The trouble is - as Clay pointed out back here - that if you've got that level of agreement among all participants you don't need the semantics. If you're all using the same schema anyway, your respective schemas don't need to describe themselves - and if they do need to describe themselves, there needs to be a common language they can do it in, and hence a higher level of shared context.
What you can do is say "I'm using [x] to mean $FOO, which is a subtype of $BAR but does not overlap with $BAZ; how about you?" Or rather, "On 2005-06-03, writing in Manchester (England/UK/EU), I used [x] to mean $FOO..." and so on. That, to me, is (or rather will be) where it gets interesting - the point is not to encode semiotics but to encode semantics in such a way that the semiotics can be inferred.
Or rather, in such a way that the semiotics can't not be inferred. Which they need to be. Once you get away from the physical sciences and their geek spinoffs, it's very, very hard to reach a final level of granularity. You can map the physical contours of France in exactly the same way that you can map Britain - and with enough data you could map Britain 100 years ago and map France 100 years ago in exactly the same way. What you can't do is chart the number of suicides or street thefts or families in poverty or users of illegal drugs or asylum applications or hospital admissions in Britain and compare them with the figures for Britain 100 years ago, let alone with French figures. This is not because the data isn't there, but (in all those cases) because it's the product of a complex set of social interactions - and, as such, it doesn't have a stable meaning, in time or in space.

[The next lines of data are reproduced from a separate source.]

lemma tclosure_subset_tuples: "tclosure M d n S \<subseteq> tuples M n"
  unfolding tclosure_def by auto

lemma tclosure_empty: "tclosure M d n {} = {}"
  unfolding tclosure_def by (auto intro: exI[of _ 1])

lemma tclosure_approx:
  "xs \<in> tclosure M d n S \<Longrightarrow> e > 0 \<Longrightarrow> \<exists>ys\<in>S. tdist d xs ys < e"
  unfolding tclosure_def by blast

lemma tclosure_idem:
  assumes ms: "Metric_space M d" and S: "S \<subseteq> tuples M n"
  shows "tclosure M d n (tclosure M d n S) = tclosure M d n S"
proof
  show "tclosure M d n S \<subseteq> tclosure M d n (tclosure M d n S)"
    by (rule subset_tclosure[OF ms tclosure_subset_tuples])
  show "tclosure M d n (tclosure M d n S) \<subseteq> tclosure M d n S"
  proof
    fix xs assume xs: "xs \<in> tclosure M d n (tclosure M d n S)"
    have "\<exists>ys\<in>S. tdist d xs ys < e" if "e > 0" for e
    proof -
      obtain zs where zs: "zs \<in> tclosure M d n S" "tdist d xs zs < e / 2"
        using tclosure_approx[OF xs] \<open>e > 0\<close> by (meson half_gt_zero)
      obtain ys where ys: "ys \<in> S" "tdist d zs ys < e / 2"
        using tclosure_approx[OF zs(1)] \<open>e > 0\<close> by (meson half_gt_zero)
      have "tdist d xs ys \<le> tdist d xs zs + tdist d zs ys"
        using xs zs(1) ys(1) S tclosure_subset_tuples by (blast intro: tdist_triangle[OF ms])
      with zs ys show ?thesis by force
    qed
    then show "xs \<in> tclosure M d n S"
      using xs tclosure_subset_tuples unfolding tclosure_def by blast
  qed
qed

lemma setdist_tclosure:
  assumes ms: "Metric_space M d" and S: "S \<noteq> {}" "S \<subseteq> tuples M n"
    and xs: "xs \<in> tuples M n"
  shows "setdist d (tclosure M d n S) xs = setdist d S xs"
proof (rule antisym)
  show "setdist d (tclosure M d n S) xs \<le> setdist d S xs"
    using subset_tclosure[OF ms S(2)] S(1) by (rule setdist_antimono)
  have "S \<subseteq> tclosure M d n S" by (rule subset_tclosure[OF ms S(2)])
  then show "setdist d S xs \<le> setdist d (tclosure M d n S) xs"
  proof (intro setdist_greatest)
    fix zs assume zs: "zs \<in> tclosure M d n S"
    show "setdist d S xs \<le> tdist d xs zs"
    proof (rule field_le_epsilon)
      fix e :: real assume "e > 0"
      then obtain ys where ys: "ys \<in> S" "tdist d zs ys < e"
        using tclosure_approx[OF zs] by blast
      have "setdist d S xs \<le> tdist d xs ys" by (rule setdist_le_tdist[OF ys(1)])
      also have "\<dots> \<le> tdist d xs zs + tdist d zs ys"
        using xs zs ys(1) S(2) tclosure_subset_tuples by (blast intro: tdist_triangle[OF ms])
      finally show "setdist d S xs \<le> tdist d xs zs + e" using ys(2) by simp
    qed
  qed (use S(1) in blast)
qed

section \<open>Uniform convergence of the distance predicates\<close>

lemma Dini_decreasing_Lipschitz:
  fixes P :: "nat \<Rightarrow> 'b \<Rightarrow> real" and G :: "'b \<Rightarrow> real" and \<delta> :: "'b \<Rightarrow> 'b \<Rightarrow> real"
  assumes net: "\<And>e. e > 0 \<Longrightarrow> \<exists>N. finite N \<and> N \<subseteq> S \<and> (\<forall>y\<in>S. \<exists>z\<in>N. \<delta> y z < e)"
    and P_Lipschitz: "\<And>k y z. y \<in> S \<Longrightarrow> z \<in> S \<Longrightarrow> \<bar>P k y - P k z\<bar> \<le> \<delta> y z"
    and G_Lipschitz: "\<And>y z. y \<in> S \<Longrightarrow> z \<in> S \<Longrightarrow> \<bar>G y - G z\<bar> \<le> \<delta> y z"
    and decreasing: "\<And>k m y. k \<le> m \<Longrightarrow> y \<in> S \<Longrightarrow> P m y \<le> P k y"
    and pointwise: "\<And>y e. y \<in> S \<Longrightarrow> e > 0 \<Longrightarrow> \<exists>k. P k y \<le> G y + e"
    and e: "e > 0"
  shows "\<exists>k0. \<forall>k\<ge>k0. \<forall>y\<in>S. P k y \<le> G y + e"
proof -
  obtain N where N: "finite N" "N \<subseteq> S" "\<forall>y\<in>S. \<exists>z\<in>N. \<delta> y z < e / 3"
    using net[of "e / 3"] e by auto
  have "\<forall>z\<in>N. eventually (\<lambda>k. P k z \<le> G z + e / 3) sequentially"
  proof
    fix z assume "z \<in> N"
    then obtain k where "P k z \<le> G z + e / 3" using pointwise[of z "e / 3"] N(2) e by auto
    then show "eventually (\<lambda>k. P k z \<le> G z + e / 3) sequentially"
      unfolding eventually_sequentially using decreasing \<open>z \<in> N\<close> N(2) by (meson order_trans subsetD)
  qed
  then have "eventually (\<lambda>k. \<forall>z\<in>N. P k z \<le> G z + e / 3) sequentially"
    by (rule eventually_ball_finite[OF N(1)])
  then obtain k0 where k0: "\<And>k z. k \<ge> k0 \<Longrightarrow> z \<in> N \<Longrightarrow> P k z \<le> G z + e / 3"
    unfolding eventually_sequentially by blast
  have "P k y \<le> G y + e" if "k \<ge> k0" "y \<in> S" for k y
  proof -
    obtain z where z: "z \<in> N" "\<delta> y z < e / 3" using N(3) \<open>y \<in> S\<close> by blast
    have "P k y \<le> P k z + \<delta> y z" using P_Lipschitz[of y z k] z(1) N(2) that(2) by auto
    moreover have "G z \<le> G y + \<delta> y z" using G_Lipschitz[of y z] z(1) N(2) that(2) by auto
    ultimately show ?thesis using k0[OF that(1) z(1)] z(2) by linarith
  qed
  then show ?thesis by blast
qed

This is what I mean about inferring semiotics: figures on 'drug use', to take the most obvious example, are produced in particular ways and classified using particular criteria, which correspond to patterns of public health and law enforcement activity as well as to broader social attitudes. The data doesn't contain or express those attitudes and patterns of activity - but if you don't know about them it's effectively meaningless. ("Hey, look, there are twice as many people using drugs! Oh, wait, there are twice as many substances classified as drugs. Never mind.") The only way forward, it seems to me, is to (as it were) factory-stamp data with the conditions of its production, as far as they can be established: "this source on 'drugs' covers this period in this jurisdiction, and consequently uses definitions derived from this legislation, including this but excluding this and this".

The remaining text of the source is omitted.